Task statement –
Could you write out the lines below exactly, beginning with the first and finishing with the one that contains "t * phi_quot_deriv"?

Records for processing –
lemma deriv2_phi_nonneg_if_no_critical:
  assumes "\<not> (\<exists>l0>0. deriv (phi m b \<sigma>) l0 = 0)" "0 \<le> t"
  shows "0 \<le> deriv (deriv (phi m b \<sigma>)) t"
proof -
  have t: "t \<in> smooth_points" using smooth_points_if_no_critical [OF assms(1)] .
  have "0 \<le> t * phi_quot_deriv t"
    using assms(2) phi_quot_deriv_pos by (cases "t = 0") (auto simp: less_imp_le)
  with phi_quot_nonneg_if_no_critical [OF assms] show ?thesis
    by (simp add: deriv2_phi [OF t] phi2_eq [OF t])
qed

lemma deriv_quotient_nonpos:
  assumes "0 < t" "deriv (phi m b \<sigma>) t \<noteq> 0"
  shows "deriv (\<lambda>x. deriv (deriv (phi m b \<sigma>)) x / deriv (phi m b \<sigma>) x ^ 3) t \<le> 0"
proof -
  let ?p = "deriv (phi m b \<sigma>)" and ?q = "deriv (deriv (phi m b \<sigma>))"
  have t: "t \<in> smooth_points" using assms by (simp add: nonzero_in_smooth_points)
  have "(?p has_real_derivative ?q t) (at t)"
    using has_real_derivative_deriv_phi [OF t] by (simp add: deriv2_phi [OF t])
  moreover have "(?q has_real_derivative phi3 t) (at t)"
    by (rule has_field_derivative_transform_within_open
          [OF has_real_derivative_phi2 [OF t] open_smooth_points t]) (simp add: deriv2_phi)
  ultimately have "deriv (\<lambda>x. ?q x / ?p x ^ 3) t = (phi3 t * ?p t - 3 * (?q t)\<^sup>2) / ?p t ^ 4"
    using assms(2) by (intro DERIV_imp_deriv DERIV_divide_cube)
  also have "\<dots> \<le> 0"
    using phi3_mult_le [OF assms(1)]
    by (intro divide_nonpos_nonneg) (simp_all add: deriv_phi [OF t] deriv2_phi [OF t])
  finally show ?thesis .
qed

lemma deriv_phi_eq_integral:
  assumes "0 < l0" "deriv (phi m b \<sigma>) l0 = 0" "0 < t"
  shows "deriv (phi m b \<sigma>) t = t * (LBINT s=l0..t. (\<Sum>j=1..m. b j * s / (s\<^sup>2 + \<sigma> j) powr (3/2)))"
proof -
  have "{min l0 t..max l0 t} \<subseteq> smooth_points"
  proof
    fix x assume "x \<in> {min l0 t..max l0 t}"
    then have "0 < x" using assms by auto
    then show "x \<in> smooth_points" by (simp add: nonzero_in_smooth_points)
  qed
  from interval_integral_phi_quot_deriv [OF this] show ?thesis
    using assms by (simp add: deriv_phi_eq_0_iff deriv_phi nonzero_in_smooth_points)
qed

lemma deriv_phi_ge_integral:
  assumes "\<not> (\<exists>l0>0. deriv (phi m b \<sigma>) l0 = 0)" "0 < t"
  shows "t * (LBINT s=0..t. (\<Sum>j=1..m. b j * s / (s\<^sup>2 + \<sigma> j) powr (3/2))) \<le> deriv (phi m b \<sigma>) t"
proof -
  have "(LBINT s=0..t. (\<Sum>j=1..m. b j * s / (s\<^sup>2 + \<sigma> j) powr (3/2))) = phi_quot t - phi_quot 0"
    using interval_integral_phi_quot_deriv [of 0 t] smooth_points_if_no_critical [OF assms(1)]
    by (simp add: zero_ereal_def subset_iff)
  moreover have "0 \<le> t * phi_quot 0"
    using assms phi_quot_nonneg_if_no_critical [OF assms(1), of 0] by simp
  ultimately show ?thesis
    using assms(2) by (simp add: deriv_phi nonzero_in_smooth_points right_diff_distrib)
qed

end

theorem lemma6p5:
  fixes m :: nat and b \<sigma> :: "nat \<Rightarrow> real"
  assumes "m \<ge> 1"
    and "\<And>j. j \<in> {1..m} \<Longrightarrow> b j > 0"
    and "\<And>j. j \<in> {1..m} \<Longrightarrow> \<sigma> j \<ge> 0"
  defines "\<phi> \<equiv> phi m b \<sigma>"
  shows
    "(\<forall>x y. 0 < x \<and> 0 < y \<and> deriv \<phi> x = 0 \<and> deriv \<phi> y = 0 \<longrightarrow> x = y) \<and>
     (\<forall>l0 > 0. deriv \<phi> l0 = 0 \<longrightarrow>
        (\<forall>t > l0. deriv \<phi> t > 0) \<and>
        (\<forall>t. 0 < t \<and> t < l0 \<longrightarrow> deriv \<phi> t < 0) \<and>
        (\<forall>t > l0. deriv (deriv \<phi>) t > 0) \<and>
        (\<forall>x y. 0 < x \<and> x < l0 \<and> 0 < y \<and> y < l0 \<and>
               deriv (deriv \<phi>) x = 0 \<and> deriv (deriv \<phi>) y = 0 \<longrightarrow> x = y)) \<and>
     ((\<not> (\<exists>l0 > 0. deriv \<phi> l0 = 0)) \<longrightarrow> (\<forall>t \<ge> 0. deriv (deriv \<phi>) t \<ge> 0)) \<and>
     (\<forall>t > 0. deriv \<phi> t \<noteq> 0 \<longrightarrow>
        deriv (\<lambda>x. deriv (deriv \<phi>) x / (deriv \<phi> x) ^ 3) t \<le> 0) \<and>
     (\<forall>l0 > 0. deriv \<phi> l0 = 0 \<longrightarrow>
        (\<forall>t > 0. deriv \<phi> t =
           t * (LBINT s=l0..t. (\<Sum>j=1..m. b j * s / (s\<^sup>2 + \<sigma> j) powr (3/2))))) \<and>
     ((\<not> (\<exists>l0 > 0. deriv \<phi> l0 = 0)) \<longrightarrow>
        (\<forall>t > 0. deriv \<phi> t \<ge>
           t * (LBINT s=0..t. (\<Sum>j=1..m. b j * s / (s\<^sup>2 + \<sigma> j) powr (3/2)))))"
proof -
  interpret phi_params m b \<sigma> using assms(1-3) by unfold_locales auto
  show ?thesis
    unfolding \<phi>_def
    by (intro conjI allI impI; (elim conjE)?)
       (blast intro: critical_point_unique deriv_phi_pos_above_critical deriv_phi_neg_below_critical
          deriv2_phi_pos_above_critical deriv2_phi_zero_unique deriv2_phi_nonneg_if_no_critical
          deriv_quotient_nonpos deriv_phi_eq_integral deriv_phi_ge_integral)+
qed

end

Reply to the exercise –
lemma deriv2_phi_nonneg_if_no_critical:
  assumes "\<not> (\<exists>l0>0. deriv (phi m b \<sigma>) l0 = 0)" "0 \<le> t"
  shows "0 \<le> deriv (deriv (phi m b \<sigma>)) t"
proof -
  have t: "t \<in> smooth_points" using smooth_points_if_no_critical [OF assms(1)] .
  have "0 \<le> t * phi_quot_deriv t"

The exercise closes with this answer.